*** Opening Supplied material ***

lemma nn_integral_abs_std_gauss: "(\<integral>\<^sup>+x. ennreal \<bar>x\<bar> \<partial>std_gauss) = ennreal (sqrt (2 / pi))"
proof -
  have "(\<integral>\<^sup>+x. ennreal \<bar>x\<bar> \<partial>std_gauss) = (\<integral>\<^sup>+x. ennreal (std_normal_density x * \<bar>x\<bar>) \<partial>lborel)"
    unfolding std_gauss_def
    by (subst nn_integral_density) (auto simp: ennreal_mult normal_density_nonneg)
  also have "\<dots> = ennreal (sqrt (2 / pi))"
    using std_normal_moment_abs_odd[of 0]
    by (subst nn_integral_eq_integral) (auto simp: has_bochner_integral_iff normal_density_nonneg)
  finally show ?thesis .
qed

lemma nn_integral_pair_prob_fst:
  assumes "prob_space M1" "prob_space M2" and [measurable]: "g \<in> borel_measurable M1"
  shows "(\<integral>\<^sup>+\<omega>. g (fst \<omega>) \<partial>(M1 \<Otimes>\<^sub>M M2)) = (\<integral>\<^sup>+x. g x \<partial>M1)"
proof -
  interpret M2: prob_space M2 by fact
  have "(\<integral>\<^sup>+x. g x \<partial>M1) = (\<integral>\<^sup>+x. g x \<partial>distr (M1 \<Otimes>\<^sub>M M2) M1 fst)"
    by (simp add: M2.distr_pair_fst)
  also have "\<dots> = (\<integral>\<^sup>+\<omega>. g (fst \<omega>) \<partial>(M1 \<Otimes>\<^sub>M M2))"
    by (rule nn_integral_distr) auto
  finally show ?thesis by simp
qed

lemma nn_integral_pair_prob_snd:
  assumes "prob_space M1" "prob_space M2" and [measurable]: "g \<in> borel_measurable M2"
  shows "(\<integral>\<^sup>+\<omega>. g (snd \<omega>) \<partial>(M1 \<Otimes>\<^sub>M M2)) = (\<integral>\<^sup>+y. g y \<partial>M2)"
proof -
  interpret M1: prob_space M1 by fact
  interpret M2: prob_space M2 by fact
  have "(\<integral>\<^sup>+\<omega>. g (snd \<omega>) \<partial>(M1 \<Otimes>\<^sub>M M2)) = (\<integral>\<^sup>+x. \<integral>\<^sup>+y. g (snd (x, y)) \<partial>M2 \<partial>M1)"
    by (rule M2.nn_integral_fst[symmetric]) measurable
  also have "\<dots> = (\<integral>\<^sup>+y. g y \<partial>M2)" by (simp add: M1.emeasure_space_1)
  finally show ?thesis .
qed

lemma nn_integral_data_measure_field:
  assumes [measurable]: "g \<in> borel_measurable (gauss_vec K)"
  shows "(\<integral>\<^sup>+\<omega>. g (fst (snd (snd \<omega>))) \<partial>data_measure K N) = (\<integral>\<^sup>+h. g h \<partial>gauss_vec K)"
proof -
  note prob = prob_space_gauss_vec prob_space_gauss_mat prob_space_pair
  have "(\<integral>\<^sup>+\<omega>. g (fst (snd (snd \<omega>))) \<partial>data_measure K N)
      = (\<integral>\<^sup>+\<omega>. g (fst (snd \<omega>)) \<partial>(gauss_vec K \<Otimes>\<^sub>M (gauss_vec K \<Otimes>\<^sub>M gauss_mat N K)))"
    unfolding data_measure_def by (rule nn_integral_pair_prob_snd) (auto intro: prob)
  also have "\<dots> = (\<integral>\<^sup>+\<omega>. g (fst \<omega>) \<partial>(gauss_vec K \<Otimes>\<^sub>M gauss_mat N K))"
    by (rule nn_integral_pair_prob_snd) (auto intro: prob)
  also have "\<dots> = (\<integral>\<^sup>+h. g h \<partial>gauss_vec K)"
    by (rule nn_integral_pair_prob_fst) (auto intro: prob)
  finally show ?thesis .
qed

lemma nn_integral_l1_norm_field_le:
  "(\<integral>\<^sup>+\<omega>. ennreal (\<Sum>k<K. \<bar>fst (snd (snd \<omega>)) k\<bar>) \<partial>data_measure K N) \<le> real K"
proof -
  have [measurable]: "(\<lambda>h. h k) \<in> borel_measurable (gauss_vec K)" if "k < K" for k
    using measurable_component_singleton[of k "{..<K}" "\<lambda>_. std_gauss"] that
    unfolding gauss_vec_def by (simp add: measurable_def)
  have coordinate: "(\<integral>\<^sup>+h. ennreal \<bar>h k\<bar> \<partial>gauss_vec K) = ennreal (sqrt (2 / pi))" if "k < K" for k
  proof -
    have "distr (gauss_vec K) std_gauss (\<lambda>h. h k) = std_gauss"
      unfolding gauss_vec_def using that by (intro distr_PiM_component prob_space_std_gauss) auto
    moreover have "(\<lambda>h. h k) \<in> measurable (gauss_vec K) std_gauss"
      unfolding gauss_vec_def using that by (intro measurable_component_singleton) simp
    ultimately show ?thesis
      using nn_integral_distr[of "\<lambda>h. h k" "gauss_vec K" std_gauss "\<lambda>x. ennreal \<bar>x\<bar>"]
      by (simp add: nn_integral_abs_std_gauss measurable_cong_sets[OF sets_std_gauss refl])
  qed
  have "(\<integral>\<^sup>+h. ennreal (\<Sum>k<K. \<bar>h k\<bar>) \<partial>gauss_vec K) = (\<Sum>k<K. \<integral>\<^sup>+h. ennreal \<bar>h k\<bar> \<partial>gauss_vec K)"
    by (simp add: sum_ennreal[symmetric] del: sum_ennreal) (rule nn_integral_sum, simp)
  also have "\<dots> \<le> (\<Sum>k<K. 1)"
    using pi_gt3 by (intro sum_mono) (simp add: coordinate real_sqrt_le_1_iff)
  finally have "(\<integral>\<^sup>+h. ennreal (\<Sum>k<K. \<bar>h k\<bar>) \<partial>gauss_vec K) \<le> real K"
    by (simp add: ennreal_of_nat_eq_real_of_nat)
  then show ?thesis
    by (subst nn_integral_data_measure_field) measurable
qed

*** Closing Supplied material ***

Work to complete: An exact transcription of all the records is required.

Exercise solution:
lemma nn_integral_abs_std_gauss: "(\<integral>\<^sup>+x. ennreal \<bar>x\<bar> \<partial>std_gauss) = ennreal (sqrt (2 / pi))"
proof -
  have "(\<integral>\<^sup>+x. ennreal \<bar>x\<bar> \<partial>std_gauss) = (\<integral>\<^sup>+x. ennreal (std_normal_density x * \<bar>x\<bar>) \<partial>lborel)"
    unfolding std_gauss_def
    by (subst nn_integral_density) (auto simp: ennreal_mult normal_density_nonneg)
  also have "\<dots> = ennreal (sqrt (2 / pi))"
    using std_normal_moment_abs_odd[of 0]
    by (subst nn_integral_eq_integral) (auto simp: has_bochner_integral_iff normal_density_nonneg)
  finally show ?thesis .
qed

lemma nn_integral_pair_prob_fst:
  assumes "prob_space M1" "prob_space M2" and [measurable]: "g \<in> borel_measurable M1"
  shows "(\<integral>\<^sup>+\<omega>. g (fst \<omega>) \<partial>(M1 \<Otimes>\<^sub>M M2)) = (\<integral>\<^sup>+x. g x \<partial>M1)"
proof -
  interpret M2: prob_space M2 by fact
  have "(\<integral>\<^sup>+x. g x \<partial>M1) = (\<integral>\<^sup>+x. g x \<partial>distr (M1 \<Otimes>\<^sub>M M2) M1 fst)"
    by (simp add: M2.distr_pair_fst)
  also have "\<dots> = (\<integral>\<^sup>+\<omega>. g (fst \<omega>) \<partial>(M1 \<Otimes>\<^sub>M M2))"
    by (rule nn_integral_distr) auto
  finally show ?thesis by simp
qed

lemma nn_integral_pair_prob_snd:
  assumes "prob_space M1" "prob_space M2" and [measurable]: "g \<in> borel_measurable M2"
  shows "(\<integral>\<^sup>+\<omega>. g (snd \<omega>) \<partial>(M1 \<Otimes>\<^sub>M M2)) = (\<integral>\<^sup>+y. g y \<partial>M2)"
proof -
  interpret M1: prob_space M1 by fact
  interpret M2: prob_space M2 by fact
  have "(\<integral>\<^sup>+\<omega>. g (snd \<omega>) \<partial>(M1 \<Otimes>\<^sub>M M2)) = (\<integral>\<^sup>+x. \<integral>\<^sup>+y. g (snd (x, y)) \<partial>M2 \<partial>M1)"
    by (rule M2.nn_integral_fst[symmetric]) measurable
  also have "\<dots> = (\<integral>\<^sup>+y. g y \<partial>M2)" by (simp add: M1.emeasure_space_1)
  finally show ?thesis .
qed

lemma nn_integral_data_measure_field:
  assumes [measurable]: "g \<in> borel_measurable (gauss_vec K)"
  shows "(\<integral>\<^sup>+\<omega>. g (fst (snd (snd \<omega>))) \<partial>data_measure K N) = (\<integral>\<^sup>+h. g h \<partial>gauss_vec K)"
proof -
  note prob = prob_space_gauss_vec prob_space_gauss_mat prob_space_pair
  have "(\<integral>\<^sup>+\<omega>. g (fst (snd (snd \<omega>))) \<partial>data_measure K N)
      = (\<integral>\<^sup>+\<omega>. g (fst (snd \<omega>)) \<partial>(gauss_vec K \<Otimes>\<^sub>M (gauss_vec K \<Otimes>\<^sub>M gauss_mat N K)))"
    unfolding data_measure_def by (rule nn_integral_pair_prob_snd) (auto intro: prob)
  also have "\<dots> = (\<integral>\<^sup>+\<omega>. g (fst \<omega>) \<partial>(gauss_vec K \<Otimes>\<^sub>M gauss_mat N K))"
    by (rule nn_integral_pair_prob_snd) (auto intro: prob)
  also have "\<dots> = (\<integral>\<^sup>+h. g h \<partial>gauss_vec K)"
    by (rule nn_integral_pair_prob_fst) (auto intro: prob)
  finally show ?thesis .
qed

lemma nn_integral_l1_norm_field_le:
  "(\<integral>\<^sup>+\<omega>. ennreal (\<Sum>k<K. \<bar>fst (snd (snd \<omega>)) k\<bar>) \<partial>data_measure K N) \<le> real K"
proof -
  have [measurable]: "(\<lambda>h. h k) \<in> borel_measurable (gauss_vec K)" if "k < K" for k
    using measurable_component_singleton[of k "{..<K}" "\<lambda>_. std_gauss"] that
    unfolding gauss_vec_def by (simp add: measurable_def)
  have coordinate: "(\<integral>\<^sup>+h. ennreal \<bar>h k\<bar> \<partial>gauss_vec K) = ennreal (sqrt (2 / pi))" if "k < K" for k
  proof -
    have "distr (gauss_vec K) std_gauss (\<lambda>h. h k) = std_gauss"
      unfolding gauss_vec_def using that by (intro distr_PiM_component prob_space_std_gauss) auto
    moreover have "(\<lambda>h. h k) \<in> measurable (gauss_vec K) std_gauss"
      unfolding gauss_vec_def using that by (intro measurable_component_singleton) simp
    ultimately show ?thesis
      using nn_integral_distr[of "\<lambda>h. h k" "gauss_vec K" std_gauss "\<lambda>x. ennreal \<bar>x\<bar>"]
      by (simp add: nn_integral_abs_std_gauss measurable_cong_sets[OF sets_std_gauss refl])
  qed
  have "(\<integral>\<^sup>+h. ennreal (\<Sum>k<K. \<bar>h k\<bar>) \<partial>gauss_vec K) = (\<Sum>k<K. \<integral>\<^sup>+h. ennreal \<bar>h k\<bar> \<partial>gauss_vec K)"
    by (simp add: sum_ennreal[symmetric] del: sum_ennreal) (rule nn_integral_sum, simp)
  also have "\<dots> \<le> (\<Sum>k<K. 1)"
    using pi_gt3 by (intro sum_mono) (simp add: coordinate real_sqrt_le_1_iff)
  finally have "(\<integral>\<^sup>+h. ennreal (\<Sum>k<K. \<bar>h k\<bar>) \<partial>gauss_vec K) \<le> real K"
    by (simp add: ennreal_of_nat_eq_real_of_nat)
  then show ?thesis
    by (subst nn_integral_data_measure_field) measurable
qed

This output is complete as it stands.